Мы видим, что Достоевский находится на волне актуальных исканий мыслящих людей той эпохи. Достоевский также уделяет особое внимание вопросам познания мира, которые лежат в основе конфликта рационального и сверхчувственного взглядов. Вот еще цитата из уже приведенных выше писем: Познать природу, душу, Бога, любовь ... Это познается сердцем, а не умом. Ежели бы мы были духи, мы бы жили, носились в сфере той мысли, над которою носится душа наша, когда хочет разгадать ее. Мы же прах, люди должны разгадывать, но не могут обнять вдруг мысль. Проводник мысли сквозь бренную оболочку в состав души есть ум. Ум — способность материальная ... душа же, или дух, живет мыслию, которую
нашептывает ей сердце ... Мысль зарождается в душе. Ум — орудие, машина, движимая огнем душевным ... Притом <...> ум человека, увлекшись в область знаний, действует независимо от чувства, след<овательно>, от сердца. Ежели же цель познания будет любовь и природа, тут открывается чистое поле сердцу... Не стану с тобой спорить, но скажу, что не согласен в мненье о поэзии и философии ... Философию не надо полагать простой математической задачей, где неизвестное — природа <...> чтобы вывести верный результат из этой разнообразной кучи, надобно под-весть его под математическую формулу.

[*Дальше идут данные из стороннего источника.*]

(* Let $k, \mu, n$ be positive integers and $s$ a nonnegative integer such that $k^4\mu^4 n^4 - 16k(4\mu^2+n^2) = s^2$. Let $\beta$ be a positive integer. If $k^2\mu^2 n^2 - s = 2\beta$, then \[ \beta^3 + 64 = (\beta k\mu^2 - 4)(\beta k n^2 - 16) \] and $k$ divides $\beta^2$. If $k^2\mu^2 n^2 - s \geq 2\beta$, then $\beta^3 + 64 \geq (\beta k \mu^2 - 4)(\beta k n^2 - 16)$. *)

theory Defs
  imports Main
begin

end

theory Submission
  imports Defs
begin

(* With A = k^2 mu^2 n^2 and C = k (4 mu^2 + n^2) the hypothesis reads A^2 - s^2 = 16 C, so
   (A - s)/2 and (A + s)/2 are the roots of x^2 - A x + 4 C.  The right-hand side expands to
   beta (beta A - 4 C) + 64, which equals beta^3 + 64 when beta is the smaller root and is at most
   beta^3 + 64 when beta lies below it.  Divisibility follows from beta^2 = beta A - 4 C. *)

lemma quadratic_factor_by_discriminant:
  fixes A s C b :: "'a::comm_ring_1"
  assumes "A^2 - s^2 = 16 * C"
  shows "4 * (b^2 - A * b + 4 * C) = (2 * b - A - s) * (2 * b - A + s)"
proof -
  have "16 * C = A^2 - s^2" using assms by simp
  then show ?thesis by (simp add: power2_eq_square algebra_simps)
qed

lemma smaller_root_eq:
  fixes A s C b :: "'a::linordered_idom"
  assumes "A^2 - s^2 = 16 * C" and "A - s = 2 * b"
  shows "b^2 = A * b - 4 * C"
proof -
  have "4 * (b^2 - A * b + 4 * C) = (2 * b - A - s) * (2 * b - A + s)"
    using assms(1) by (rule quadratic_factor_by_discriminant)
  also have "\<dots> = 0" using assms(2) by (simp add: algebra_simps)
  finally have "4 * (b^2 - A * b + 4 * C) = 0" .
  then show ?thesis by (simp add: algebra_simps)
qed

lemma below_smaller_root_le:
  fixes A s C b :: "'a::linordered_idom"
  assumes "A^2 - s^2 = 16 * C" and "2 * b \<le> A - s" and "0 \<le> s"
  shows "A * b - 4 * C \<le> b^2"
proof -
  have "0 \<le> (2 * b - A - s) * (2 * b - A + s)"
    using assms(2,3) by (intro mult_nonpos_nonpos) auto
  also have "\<dots> = 4 * (b^2 - A * b + 4 * C)"
    using assms(1) by (rule quadratic_factor_by_discriminant[symmetric])
  finally have "0 \<le> 4 * (b^2 - A * b + 4 * C)" .
  then show ?thesis by simp
qed

lemma product_expansion:
  fixes k \<mu> n b :: "'a::comm_ring_1"
  shows "(b * k * \<mu>^2 - 4) * (b * k * n^2 - 16)
           = b * (k^2 * \<mu>^2 * n^2 * b - 4 * (k * (4 * \<mu>^2 + n^2))) + 64"
  by (simp add: power2_eq_square algebra_simps)

theorem lemma6:
  fixes k \<mu> n s \<beta> :: int
  assumes "k > 0" and "\<mu> > 0" and "n > 0" and "s \<ge> 0"
    and "k^4 * \<mu>^4 * n^4 - 16 * k * (4 * \<mu>^2 + n^2) = s^2"
    and "\<beta> > 0"
  shows "(k^2 * \<mu>^2 * n^2 - s = 2 * \<beta> \<longrightarrow>
            \<beta>^3 + 64 = (\<beta> * k * \<mu>^2 - 4) * (\<beta> * k * n^2 - 16) \<and> k dvd \<beta>^2)
       \<and> (k^2 * \<mu>^2 * n^2 - s \<ge> 2 * \<beta> \<longrightarrow>
            \<beta>^3 + 64 \<ge> (\<beta> * k * \<mu>^2 - 4) * (\<beta> * k * n^2 - 16))"
proof -
  define A where "A = k^2 * \<mu>^2 * n^2"
  define C where "C = k * (4 * \<mu>^2 + n^2)"
  have disc: "A^2 - s^2 = 16 * C"
    using assms(5) by (simp add: A_def C_def power_mult_distrib flip: power_mult)
  have rhs: "(\<beta> * k * \<mu>^2 - 4) * (\<beta> * k * n^2 - 16) = \<beta> * (A * \<beta> - 4 * C) + 64"
    unfolding A_def C_def by (rule product_expansion)
  have cube: "\<beta>^3 = \<beta> * \<beta>^2"
    by (simp add: power3_eq_cube power2_eq_square)
  have "\<beta>^3 + 64 = (\<beta> * k * \<mu>^2 - 4) * (\<beta> * k * n^2 - 16) \<and> k dvd \<beta>^2"
    if "A - s = 2 * \<beta>"
  proof -
    have root: "\<beta>^2 = A * \<beta> - 4 * C" using smaller_root_eq[OF disc that] .
    have "k dvd A * \<beta> - 4 * C" by (simp add: A_def C_def power2_eq_square)
    then show ?thesis using root rhs cube by simp
  qed
  moreover have "\<beta>^3 + 64 \<ge> (\<beta> * k * \<mu>^2 - 4) * (\<beta> * k * n^2 - 16)"
    if "A - s \<ge> 2 * \<beta>"
  proof -
    have "A * \<beta> - 4 * C \<le> \<beta>^2" using below_smaller_root_le[OF disc that assms(4)] .
    then show ?thesis using rhs cube assms(6) by simp
  qed
  ultimately show ?thesis unfolding A_def by blast
qed

end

Вот правила нынешней философии ... [Достоевский, 1985, т. 28, с. 53]. Мы намеренно опустили здесь часть цитаты, в которой Достоевский говорит о роли поэта в познании мира, так как обратимся к этой теме чуть ниже. В остальном же Достоевский говорит о сути двух способов познания мира. По его мнению, хотя наши истинные чувства сердца скованы панцирем материи, но постигать настоящий мир мы можем только через них. С помощью разума же нам доступны только математические формулы, которые не приближают нас к истинному знанию. Но если бы речь шла просто об альтернативном способе познания мира, а речь идет о способе, резко сокращающем масштаб человеческих способностей, сводя их к механическим действиям, причем к этим действиям сводятся и поэзия, и философия — сферы человеческой мысли, подразумевающие сверхчувственный, трансцендентный подход. Механистический, рациональный способ взаимодействия с миром выходит на первый план, он в каком-то смысле и есть жесткая материя, скрывающая под собой огонь живого сердца. Но осознание хотя бы гипотетической возможности иного способа жизни, а именно через живое чувство, делает ощущение скованности, закрытости от света не абсолютным и безнадежным, а позволяет начать поиски путей преодоления этой косности, то есть путей открытия сердца. Именно это и занимает будущего писателя.
3. Человек есть тайна
Можно предположить, что спустя год Достоевский нащупывает реальный путь преодоления косной материи. Обратим внимание на название работы Карла Эккартсгаузена «Облако над святилищем», так как этот образ, видимо, мог быть неким общим местом для описания духовной задачи человека. Так его использует Бальзак в своем романе «Серафита», о котором немного подробней мы поговорим ниже, но смысл используемого им образа вполне ясен: облако — это та материя, частью которой является наш рациональный ум и которая скрывает от людей истинный свет: Слышите эту истину? ваши самые точные науки, ваши самые смелые раз-
мышления, ваши самые красивые разъяснения — это облака. Наверху — святилище, из которого исходит настоящий свет [Balzac]. Эккартсгаузен же предлагает совсем иную глубину понимания, он утверждает, что облака — это наша немощь, покрывающая святилище: «Сия наша немощь есть Облако, покрывающее Святилище; она есть завеса, заграждающая вход во Святая Святых» [Эккартсгаузен, 1804, с. 54—55]). Мы привыкли называть тайной то, что окутывает Бога, является его частью, но, по мнению философа, у Бога не может быть тайн, ему просто незачем и не перед кем таиться. Тайна же на самом деле — это наша собственная немощь, то есть неспособность вынести истинный свет святилища. При таком понимании этого образа тут же проясняется местоположение святилища. Учитывая, что задача человека развить свой внутренний орган света, а облака — это немощь, оказывается, что святилище — это наше сердце, скованное немощной оболочкой, разрушив, а точнее — преобразив которую, можно получить доступ к истинному свету.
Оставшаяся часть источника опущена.